WHAT NEEDS TO BE DONE —
A single number is all that's needed: how many lines in the data contain the string "Rightarrow".

SUPPLIED ENTRIES —

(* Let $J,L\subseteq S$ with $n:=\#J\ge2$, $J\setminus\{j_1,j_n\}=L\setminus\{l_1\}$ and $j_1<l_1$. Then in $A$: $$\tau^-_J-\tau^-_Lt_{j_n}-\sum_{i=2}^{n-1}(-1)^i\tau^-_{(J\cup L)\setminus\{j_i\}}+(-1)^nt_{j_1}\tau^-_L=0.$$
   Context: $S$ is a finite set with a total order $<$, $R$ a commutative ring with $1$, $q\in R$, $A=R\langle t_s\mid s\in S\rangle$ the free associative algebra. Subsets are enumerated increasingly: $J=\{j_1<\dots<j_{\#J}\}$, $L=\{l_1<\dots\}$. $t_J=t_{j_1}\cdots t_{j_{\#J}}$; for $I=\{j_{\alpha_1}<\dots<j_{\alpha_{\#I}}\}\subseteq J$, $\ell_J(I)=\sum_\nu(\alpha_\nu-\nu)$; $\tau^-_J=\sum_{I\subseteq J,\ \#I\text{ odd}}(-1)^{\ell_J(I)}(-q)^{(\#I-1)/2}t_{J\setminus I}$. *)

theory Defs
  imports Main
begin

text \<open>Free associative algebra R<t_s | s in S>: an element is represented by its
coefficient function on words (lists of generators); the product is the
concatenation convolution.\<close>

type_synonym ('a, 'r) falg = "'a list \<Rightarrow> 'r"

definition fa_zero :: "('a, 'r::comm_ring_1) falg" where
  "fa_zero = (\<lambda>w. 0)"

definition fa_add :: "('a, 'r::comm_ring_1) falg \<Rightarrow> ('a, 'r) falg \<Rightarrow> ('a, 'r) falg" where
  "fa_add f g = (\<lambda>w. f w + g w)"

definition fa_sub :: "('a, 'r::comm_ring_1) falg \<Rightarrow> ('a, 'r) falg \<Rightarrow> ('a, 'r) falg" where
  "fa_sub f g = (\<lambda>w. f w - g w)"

RESPONSE AREA —
3